What do manufacturers, nursing homes, and chemical companies have in common? They all represent industries receiving special enforcement scrutiny from today’s OSHA.

OSHA is targeting manufacturers under a major Recordkeeping Enforcement National Emphasis Program (Recordkeeping NEP). OSHA launched the Recordkeeping NEP at the end of 2009, originally selecting inspection targets across a wide array of industries. A senior OSHA official has explained that “there are several different goals here. One is just to find out what’s going on. Another is to send a message to companies – via penalties – that injury and illness book-cooking won’t go unpunished.” However, the inspections were not yielding the significant enforcement actions that OSHA expected, so OSHA suspended the NEP, evaluated the data it had been collecting, and decided to re-focus the Recordkeeping NEP almost exclusively on manufacturers. See this article describing the new manufacturing focus of the Recordkeeping NEP. Since re-launching the NEP with this focus on manufacturers, OSHA has been finding the serious violations it expected, including a remarkable set of Recordkeeping citations against one manufacturer with a penalty exceeding $1.2 Million. See the OSHA Press Release about this enforcement action.

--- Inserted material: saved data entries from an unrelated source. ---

lemma differ_at_most_one_iff:
  "differ_at_most_one p q \<longleftrightarrow> length p = length q \<and> (\<exists>k. \<forall>j < length p. j \<noteq> k \<longrightarrow> p ! j = q ! j)"
proof -
  let ?D = "{j. j < length p \<and> p ! j \<noteq> q ! j}"
  have "card ?D \<le> 1 \<longleftrightarrow> (\<exists>k. ?D \<subseteq> {k})"
  proof
    assume "card ?D \<le> 1"
    then have "\<forall>a \<in> ?D. \<forall>b \<in> ?D. a = b"
      using card_le_Suc0_iff_eq[of ?D] by simp
    then show "\<exists>k. ?D \<subseteq> {k}" by blast
  next
    assume "\<exists>k. ?D \<subseteq> {k}"
    then show "card ?D \<le> 1"
      using card_mono[of "{_}" ?D] by fastforce
  qed
  then show ?thesis unfolding differ_at_most_one_def by blast
qed

lemma differ_at_most_one_Cons: "differ_at_most_one p q \<Longrightarrow> differ_at_most_one (v # p) (v # q)"
  unfolding differ_at_most_one_iff
  by (metis (no_types, lifting) length_Cons less_Suc_eq_0_disj nth_Cons_0 nth_Cons_Suc)

lemma differ_at_most_one_second: "differ_at_most_one (v # x # r) (v # y # r)"
  unfolding differ_at_most_one_iff
  by (metis length_Cons less_Suc_eq_0_disj nth_Cons_0 nth_Cons_Suc)

lemma vertex_path_Cons:
  "p \<noteq> [] \<Longrightarrow> vertex_path V E (v # p) \<longleftrightarrow> v \<in> V \<and> (v, hd p) \<in> E \<and> vertex_path V E p"
  by (auto simp: vertex_path_def nth_Cons hd_conv_nth split: nat.splits)

lemma layered_graphD:
  assumes "layered_graph V E lvl star"
  shows "lvl star = 0"
    "\<And>v. v \<in> V \<Longrightarrow> lvl v = 0 \<Longrightarrow> v = star"
    "\<And>v w. (v, w) \<in> E \<Longrightarrow> lvl v = Suc (lvl w)"
    "\<And>v w. (v, w) \<in> E \<Longrightarrow> v \<in> V \<and> w \<in> V"
    "\<And>v. v \<in> V \<Longrightarrow> lvl v \<noteq> 0 \<Longrightarrow> \<exists>w. (v, w) \<in> E"
  using assms unfolding layered_graph_def by auto

definition star_path :: "'a set \<Rightarrow> ('a \<times> 'a) set \<Rightarrow> 'a \<Rightarrow> 'a list \<Rightarrow> bool" where
  "star_path V E star p \<longleftrightarrow> vertex_path V E p \<and> last p = star"

lemma star_path_nonempty: "star_path V E star p \<Longrightarrow> p \<noteq> []"
  by (simp add: star_path_def vertex_path_def)

lemma star_path_Cons:
  "p \<noteq> [] \<Longrightarrow> star_path V E star (v # p) \<longleftrightarrow> v \<in> V \<and> (v, hd p) \<in> E \<and> star_path V E star p"
  by (auto simp: star_path_def vertex_path_Cons)

lemma star_path_hd_in: "star_path V E star p \<Longrightarrow> hd p \<in> V"
  by (auto simp: star_path_def vertex_path_def)

lemma star_path_length:
  assumes "layered_graph V E lvl star" "star_path V E star p"
  shows "length p = Suc (lvl (hd p))"
  using assms(2)
proof (induction p)
  case Nil
  then show ?case by (simp add: star_path_def vertex_path_def)
next
  case (Cons v p)
  show ?case
  proof (cases "p = []")
    case True
    then show ?thesis using Cons.prems layered_graphD(1)[OF assms(1)] by (simp add: star_path_def)
  next
    case False
    with Cons.prems have e: "(v, hd p) \<in> E" and "star_path V E star p" by (simp_all add: star_path_Cons)
    with Cons.IH show ?thesis using layered_graphD(3)[OF assms(1) e] by simp
  qed
qed

lemma star_path_exists:
  assumes "layered_graph V E lvl star" "v \<in> V"
  obtains p where "star_path V E star p" "hd p = v"
proof -
  have "\<exists>p. star_path V E star p \<and> hd p = v" if "v \<in> V" "lvl v = n" for v n
    using that
  proof (induction n arbitrary: v)
    case 0
    then have "v = star" using layered_graphD(2)[OF assms(1), of v] by simp
    with 0 show ?case by (intro exI[of _ "[v]"]) (simp add: star_path_def vertex_path_def)
  next
    case (Suc n)
    obtain w where w: "(v, w) \<in> E" using layered_graphD(5)[OF assms(1) Suc.prems(1)] Suc.prems(2) by auto
    have "w \<in> V" "lvl w = n"
      using Suc.prems layered_graphD(3)[OF assms(1) w] layered_graphD(4)[OF assms(1) w] by auto
    then obtain p where p: "star_path V E star p" "hd p = w" using Suc.IH by blast
    have "p \<noteq> []" using p(1) by (rule star_path_nonempty)
    with w p Suc.prems show ?case
      by (intro exI[of _ "v # p"]) (simp add: star_path_Cons)
  qed
  from this[OF assms(2) refl] obtain p where "star_path V E star p" "hd p = v" by blast
  then show ?thesis by (rule that)
qed

definition succs_connected :: "('a \<times> 'a) set \<Rightarrow> bool" where
  "succs_connected E \<longleftrightarrow> (\<forall>v x x'. (v, x) \<in> E \<longrightarrow> (v, x') \<in> E \<longrightarrow> (x, x') \<in> (approx_rel E v)\<^sup>*)"

lemma approx_rel_iff:
  "(x, x') \<in> approx_rel E v \<longleftrightarrow> (v, x) \<in> E \<and> (v, x') \<in> E \<and> (\<exists>y. (x, y) \<in> E \<and> (x', y) \<in> E)"
  by (auto simp: approx_rel_def succs_def)

lemma uniform_iff_succs_connected:
  assumes "layered_graph V E lvl star"
  shows "uniform V E lvl \<longleftrightarrow> succs_connected E"
proof
  assume uniform: "uniform V E lvl"
  show "succs_connected E"
    unfolding succs_connected_def
  proof (intro allI impI)
    fix v x x' assume x: "(v, x) \<in> E" and x': "(v, x') \<in> E"
    have "lvl v = Suc (lvl x)" "lvl v = Suc (lvl x')"
      using layered_graphD(3)[OF assms x] layered_graphD(3)[OF assms x'] by auto
    show "(x, x') \<in> (approx_rel E v)\<^sup>*"
    proof (cases "lvl v \<ge> 2")
      case True
      have "v \<in> V" using layered_graphD(4)[OF assms x] by simp
      with True uniform have "\<forall>w \<in> succs E v. \<forall>u \<in> succs E v. sim_rel E v w u"
        unfolding uniform_def by simp
      with x x' show ?thesis by (simp add: sim_rel_def succs_def)
    next
      case False
      with \<open>lvl v = Suc (lvl x)\<close> \<open>lvl v = Suc (lvl x')\<close> have "lvl x = 0" "lvl x' = 0" by auto
      then have "x = star" "x' = star"
        using layered_graphD(2)[OF assms, of x] layered_graphD(2)[OF assms, of x']
          layered_graphD(4)[OF assms x] layered_graphD(4)[OF assms x'] by auto
      then show ?thesis by simp
    qed
  qed
next
  assume "succs_connected E"
  then show "uniform V E lvl"
    unfolding uniform_def sim_rel_def succs_connected_def succs_def by simp
qed

lemma approx_rtrancl_iff_zigzag:
  assumes "(v, x) \<in> E"
  shows "(x, x') \<in> (approx_rel E v)\<^sup>* \<longleftrightarrow>
    (\<exists>(s::nat) xs ys. xs 0 = x \<and> xs s = x' \<and> (\<forall>i \<le> s. (v, xs i) \<in> E) \<and>
       (\<forall>i \<in> {1..s}. (xs (i - 1), ys i) \<in> E \<and> (xs i, ys i) \<in> E))"
  (is "_ \<longleftrightarrow> ?zigzag")
proof
  assume "(x, x') \<in> (approx_rel E v)\<^sup>*"
  then obtain s xs where xs: "xs 0 = x" "xs s = x'"
    and step: "\<forall>i < s. (xs i, xs (Suc i)) \<in> approx_rel E v"
    unfolding rtrancl_power relpow_fun_conv by blast
  then have "\<forall>i < s. \<exists>y. (xs i, y) \<in> E \<and> (xs (Suc i), y) \<in> E"
    by (auto simp: approx_rel_iff)
  then obtain ys where ys: "\<forall>i < s. (xs i, ys i) \<in> E \<and> (xs (Suc i), ys i) \<in> E"
    by metis
  have "\<forall>i \<le> s. (v, xs i) \<in> E"
  proof (intro allI impI)
    fix i assume "i \<le> s"
    show "(v, xs i) \<in> E"
    proof (cases "i < s")
      case True
      with step show ?thesis by (auto simp: approx_rel_iff)
    next
      case False
      with \<open>i \<le> s\<close> step xs(1) assms show ?thesis
        by (cases s) (auto simp: approx_rel_iff)
    qed
  qed
  moreover define zs where "zs i = ys (i - 1)" for i
  moreover have "\<forall>i \<in> {1..s}. (xs (i - 1), zs i) \<in> E \<and> (xs i, zs i) \<in> E"
  proof
    fix i assume "i \<in> {1..s}"
    then have "i - 1 < s" "Suc (i - 1) = i" by auto
    then show "(xs (i - 1), zs i) \<in> E \<and> (xs i, zs i) \<in> E"
      using ys[rule_format, of "i - 1"] unfolding zs_def by simp
  qed
  ultimately show ?zigzag using xs by blast
next
  assume ?zigzag
  then obtain s :: nat and xs ys where xs: "xs 0 = x" "xs s = x'" "\<forall>i \<le> s. (v, xs i) \<in> E"
    and ys: "\<forall>i \<in> {1..s}. (xs (i - 1), ys i) \<in> E \<and> (xs i, ys i) \<in> E"
    by blast
  have "(xs i, xs (Suc i)) \<in> approx_rel E v" if "i < s" for i
    using that xs(3) ys[rule_format, of "Suc i"] by (auto simp: approx_rel_iff)
  with xs show "(x, x') \<in> (approx_rel E v)\<^sup>*"
    unfolding rtrancl_power relpow_fun_conv by blast
qed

Nursing care is the other industry primarily subject to scrutiny under OSHA’s Recordkeeping NEP. In addition, the nursing care industry is being targeted by OSHA under its 2010 Site-Specific Targeting Program (“SST”). Under the SST, OSHA has selected hundreds of nursing care facilities for compliance inspections focusing on prevalent injuries and illnesses facing health care workers, such as ergonomic injuries related to handling patients, exposure to blood and airborne pathogens and other potentially infectious materials, Tuberculosis, workplace violence, and slips, trips and falls. See OSHA’s Press Release announcing the SST program. Finally, within the next couple of months, OSHA is preparing to launch a third special emphasis program targeting nursing care employers, the Nursing Home NEP. The Nursing Home NEP, which was prompted by the industry’s reports of high injury and illness rates, is expected to last at least three years, to cover a large number of nursing care facilities, and to focus, like the SST inspections, on infectious diseases, physical stresses from lifting patients, and violent patients.

Finally, OSHA is in the midst of a major enforcement initiative targeting chemical manufacturers and processors, known as the “PSM Covered Chemical Facilities National Emphasis Program” (Chemical NEP). See this article describing OSHA’s Chemical NEP. Under the Chemical NEP, OSHA is conducting aggressive inspections of chemical plants covered by OSHA’s Process Safety Management Standard (“PSM”). Since OSHA initiated the Chemical NEP, and its predecessor Petroleum Refinery PSM NEP, OSHA has been bringing significant enforcement actions (the Refinery NEP resulted in more than 1,000 citations and fines exceeding $4 Million). While the Chemical NEP is currently operating as a pilot program, the early success of the program has prompted OSHA to replace it with a much farther reaching enforcement initiative. This will expand the Chemical NEP nationwide, and will dramatically increase the number of chemical manufacturers targeted by OSHA for PSM NEP inspections.

Now is the time for manufacturers and nursing care employers to make certain their OSHA records are in order, and for chemical manufacturers to ensure their PSM Programs are current and accurate, and for employers in all three of these industries to take the necessary measures to minimize or mitigate workplace injuries and illnesses.